RECORDS SHOWN START
(* Let $G$ be a finite GVZ-group with $|\mathrm{cd}(G)|=2$, and let $\phi,\chi\in\mathrm{nl}(G)$. If $[Z(\phi),G]\subseteq\ker\chi$, then $Z(\phi)=Z(\chi)$.
   Context: All groups are finite. $\mathrm{Irr}(G)$ is the set of complex irreducible characters of $G$, $\mathrm{nl}(G)$ the set of non-linear irreducible characters, and $\mathrm{cd}(G)=\{\chi(1):\chi\in\mathrm{Irr}(G)\}$. For a character $\chi$, $Z(\chi)=\{g\in G: |\chi(g)|=\chi(1)\}$. A nonabelian group $G$ is a GVZ-group if for every $\chi\in\mathrm{Irr}(G)$ we have $\chi(g)=0$ for all $g\in G\setminus Z(\chi)$. *)

theory Defs
  imports "HOL-Algebra.Algebra" "Jordan_Normal_Form.Matrix" "HOL-Library.FuncSet"
begin

definition is_rep :: "('g, 'b) monoid_scheme \<Rightarrow> nat \<Rightarrow> ('g \<Rightarrow> complex mat) \<Rightarrow> bool" where
  "is_rep G n \<rho> \<longleftrightarrow> n > 0 \<and> (\<forall>g\<in>carrier G. \<rho> g \<in> carrier_mat n n)
     \<and> \<rho> \<one>\<^bsub>G\<^esub> = 1\<^sub>m n
     \<and> (\<forall>g\<in>carrier G. \<forall>h\<in>carrier G. \<rho> (g \<otimes>\<^bsub>G\<^esub> h) = \<rho> g * \<rho> h)"

definition is_subspace :: "nat \<Rightarrow> complex vec set \<Rightarrow> bool" where
  "is_subspace n W \<longleftrightarrow> W \<subseteq> carrier_vec n \<and> 0\<^sub>v n \<in> W
     \<and> (\<forall>v\<in>W. \<forall>w\<in>W. v + w \<in> W) \<and> (\<forall>c. \<forall>v\<in>W. c \<cdot>\<^sub>v v \<in> W)"

definition is_irr_rep :: "('g, 'b) monoid_scheme \<Rightarrow> nat \<Rightarrow> ('g \<Rightarrow> complex mat) \<Rightarrow> bool" where
  "is_irr_rep G n \<rho> \<longleftrightarrow> is_rep G n \<rho> \<and>
     (\<forall>W. is_subspace n W \<and> (\<forall>g\<in>carrier G. \<forall>w\<in>W. \<rho> g *\<^sub>v w \<in> W)
          \<longrightarrow> W = {0\<^sub>v n} \<or> W = carrier_vec n)"

definition mat_trace :: "complex mat \<Rightarrow> complex" where
  "mat_trace A = (\<Sum>i<dim_row A. A $$ (i, i))"

definition Irr :: "('g, 'b) monoid_scheme \<Rightarrow> ('g \<Rightarrow> complex) set" where
  "Irr G = {\<chi>. \<exists>n \<rho>. is_irr_rep G n \<rho> \<and> \<chi> = (\<lambda>g\<in>carrier G. mat_trace (\<rho> g))}"

definition nl :: "('g, 'b) monoid_scheme \<Rightarrow> ('g \<Rightarrow> complex) set" where
  "nl G = {\<chi>\<in>Irr G. \<chi> \<one>\<^bsub>G\<^esub> \<noteq> 1}"

definition cd :: "('g, 'b) monoid_scheme \<Rightarrow> complex set" where
  "cd G = {\<chi> \<one>\<^bsub>G\<^esub> | \<chi>. \<chi> \<in> Irr G}"

definition Zchar :: "('g, 'b) monoid_scheme \<Rightarrow> ('g \<Rightarrow> complex) \<Rightarrow> 'g set" where
  "Zchar G \<chi> = {g\<in>carrier G. cmod (\<chi> g) = cmod (\<chi> \<one>\<^bsub>G\<^esub>)}"

definition ker_char :: "('g, 'b) monoid_scheme \<Rightarrow> ('g \<Rightarrow> complex) \<Rightarrow> 'g set" where
  "ker_char G \<chi> = {g\<in>carrier G. \<chi> g = \<chi> \<one>\<^bsub>G\<^esub>}"

definition comm_subgroup :: "('g, 'b) monoid_scheme \<Rightarrow> 'g set \<Rightarrow> 'g set \<Rightarrow> 'g set" where
  "comm_subgroup G A B = generate G
     {inv\<^bsub>G\<^esub> a \<otimes>\<^bsub>G\<^esub> inv\<^bsub>G\<^esub> b \<otimes>\<^bsub>G\<^esub> a \<otimes>\<^bsub>G\<^esub> b | a b. a \<in> A \<and> b \<in> B}"

definition GVZ :: "('g, 'b) monoid_scheme \<Rightarrow> bool" where
  "GVZ G \<longleftrightarrow> group G \<and> \<not> comm_group G \<and>
     (\<forall>\<chi>\<in>Irr G. \<forall>g\<in>carrier G - Zchar G \<chi>. \<chi> g = 0)"

end

theory Submission
  imports Defs "Jordan_Normal_Form.Spectral_Radius" "Jordan_Normal_Form.Schur_Decomposition"
begin

text \<open>
  For an irreducible character \<chi> of degree n of a finite group G, the first orthogonality
  relation says that |\<chi>(g)|^2 summed over G is |G|. In a GVZ-group \<chi> vanishes off Z(\<chi>) and
  has absolute value n on it, so |Z(\<chi>)| n^2 = |G|. As cd(G) = {1, d}, the characters \<phi> and \<chi>
  both have degree d, hence |Z(\<phi>)| = |Z(\<chi>)|. If g \<in> Z(\<phi>), every commutator [g, x] lies in
  ker \<chi>, so a representation affording \<chi> maps g to a matrix commuting with the whole image; by
  Schur's lemma it is a scalar root of unity, i.e. g \<in> Z(\<chi>). Thus Z(\<phi>) \<subseteq> Z(\<chi>), and equal
  cardinalities give equality.

  The two character facts used, \<chi>(g\<inverse>) = conj \<chi>(g) and \<chi>(g) = n only if g acts trivially,
  come from triangularising a matrix of finite order: its eigenvalues are roots of unity, and a
  unipotent matrix of finite order is the identity.
\<close>

section \<open>Traces and triangular matrices\<close>

lemma index_mult_mat_sum:
  assumes "A \<in> carrier_mat n m" "B \<in> carrier_mat m p" "i < n" "j < p"
  shows "(A * B) $$ (i,j) = (\<Sum>k<m. A $$ (i,k) * B $$ (k,j))"
  using assms by (simp add: index_mult_mat scalar_prod_def lessThan_atLeast0)

lemma sum_eq_single:
  fixes f :: "nat \<Rightarrow> 'a::comm_monoid_add"
  assumes "i < n" "\<And>l. l < n \<Longrightarrow> l \<noteq> i \<Longrightarrow> f l = 0"
  shows "(\<Sum>l<n. f l) = f i"
proof -
  have "(\<Sum>l<n. f l) = f i + (\<Sum>l\<in>{..<n} - {i}. f l)"
    using assms(1) by (simp add: sum.remove)
  also have "(\<Sum>l\<in>{..<n} - {i}. f l) = 0" using assms(2) by (intro sum.neutral) auto
  finally show ?thesis by simp
qed

lemma mat_trace_carrier: "A \<in> carrier_mat n n \<Longrightarrow> mat_trace A = (\<Sum>i<n. A $$ (i,i))"
  unfolding mat_trace_def by auto

lemma mat_trace_one: "mat_trace (1\<^sub>m n) = of_nat n"
  by (simp add: mat_trace_def)

lemma mat_trace_mult_comm:
  assumes A: "A \<in> carrier_mat n n" and B: "B \<in> carrier_mat n n"
  shows "mat_trace (A * B) = mat_trace (B * A)"
proof -
  have "mat_trace (A * B) = (\<Sum>i<n. \<Sum>j<n. A $$ (i,j) * B $$ (j,i))"
    using A B by (simp add: mat_trace_carrier[of _ n] index_mult_mat_sum[OF A B] del: index_mult_mat)
  also have "\<dots> = (\<Sum>j<n. \<Sum>i<n. B $$ (j,i) * A $$ (i,j))"
    by (subst sum.swap) (simp add: mult.commute)
  also have "\<dots> = mat_trace (B * A)"
    using A B by (simp add: mat_trace_carrier[of _ n] index_mult_mat_sum[OF B A] del: index_mult_mat)
  finally show ?thesis .
qed

lemma mat_trace_similar_mat_wit:
  assumes "similar_mat_wit A B P Q" "A \<in> carrier_mat n n"
  shows "mat_trace A = mat_trace B"
proof -
  from assms have c: "B \<in> carrier_mat n n" "P \<in> carrier_mat n n" "Q \<in> carrier_mat n n"
    and QP: "Q * P = 1\<^sub>m n" and A: "A = P * B * Q"
    unfolding similar_mat_wit_def Let_def by auto
  have "mat_trace A = mat_trace (P * (B * Q))" using A c by (simp add: assoc_mult_mat)
  also have "\<dots> = mat_trace ((B * Q) * P)" using c by (intro mat_trace_mult_comm) auto
  also have "\<dots> = mat_trace (B * (Q * P))" using c by (simp add: assoc_mult_mat)
  also have "\<dots> = mat_trace B" using QP c by simp
  finally show ?thesis .
qed

lemma upper_triangular_mult:
  fixes A B :: "'a::comm_semiring_0 mat"
  assumes A: "A \<in> carrier_mat n n" "upper_triangular A"
    and B: "B \<in> carrier_mat n n" "upper_triangular B"
  shows "upper_triangular (A * B)" and "\<And>i. i < n \<Longrightarrow> (A * B) $$ (i,i) = A $$ (i,i) * B $$ (i,i)"
proof -
  have zero: "A $$ (i,l) * B $$ (l,j) = 0" if "i < n" "l < n" "j < n" "j < i \<or> l \<noteq> i \<and> j = i" for i j l
  proof (cases "l < i")
    case True
    then have "A $$ (i,l) = 0" using that A by (intro upper_triangularD[OF A(2)]) auto
    then show ?thesis by simp
  next
    case False
    then have "B $$ (l,j) = 0" using that B by (intro upper_triangularD[OF B(2)]) auto
    then show ?thesis by simp
  qed
  show "upper_triangular (A * B)"
  proof (rule upper_triangularI)
    fix i j assume ji: "j < i" and i: "i < dim_row (A * B)"
    then have "i < n" "j < n" using A by auto
    then have "(A * B) $$ (i,j) = (\<Sum>l<n. A $$ (i,l) * B $$ (l,j))"
      by (rule index_mult_mat_sum[OF A(1) B(1)])
    also have "\<dots> = 0" using zero ji \<open>i < n\<close> \<open>j < n\<close> by (intro sum.neutral) auto
    finally show "(A * B) $$ (i,j) = 0" .
  qed
  show "(A * B) $$ (i,i) = A $$ (i,i) * B $$ (i,i)" if "i < n" for i
    using that zero by (simp add: index_mult_mat_sum[OF A(1) B(1)] sum_eq_single del: index_mult_mat)
qed

lemma upper_triangular_pow_mat:
  fixes B :: "'a::comm_semiring_1 mat"
  assumes B: "B \<in> carrier_mat n n" "upper_triangular B"
  shows "upper_triangular (B ^\<^sub>m k) \<and> (\<forall>i<n. (B ^\<^sub>m k) $$ (i,i) = B $$ (i,i) ^ k)"
proof (induction k)
  case (Suc k)
  have "B ^\<^sub>m k \<in> carrier_mat n n" using B by simp
  then show ?case using Suc upper_triangular_mult[OF _ _ B] by (simp add: mult.commute)
qed (use B in auto)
RECORDS SHOWN END
*PROBLEM TO SOLVE:* Now copy each line of the entries that mentions "longleftrightarrow".

*RESULT OF THIS EXERCISE:*
  "is_rep G n \<rho> \<longleftrightarrow> n > 0 \<and> (\<forall>g\<in>carrier G. \<rho> g \<in> carrier_mat n n)
  "is_subspace n W \<longleftrightarrow> W \<subseteq> carrier_vec n \<and> 0\<^sub>v n \<in> W
  "is_irr_rep G n \<rho> \<longleftrightarrow> is_rep G n \<rho> \<and>
  "GVZ G \<longleftrightarrow> group G \<and> \<not> comm_group G \<and>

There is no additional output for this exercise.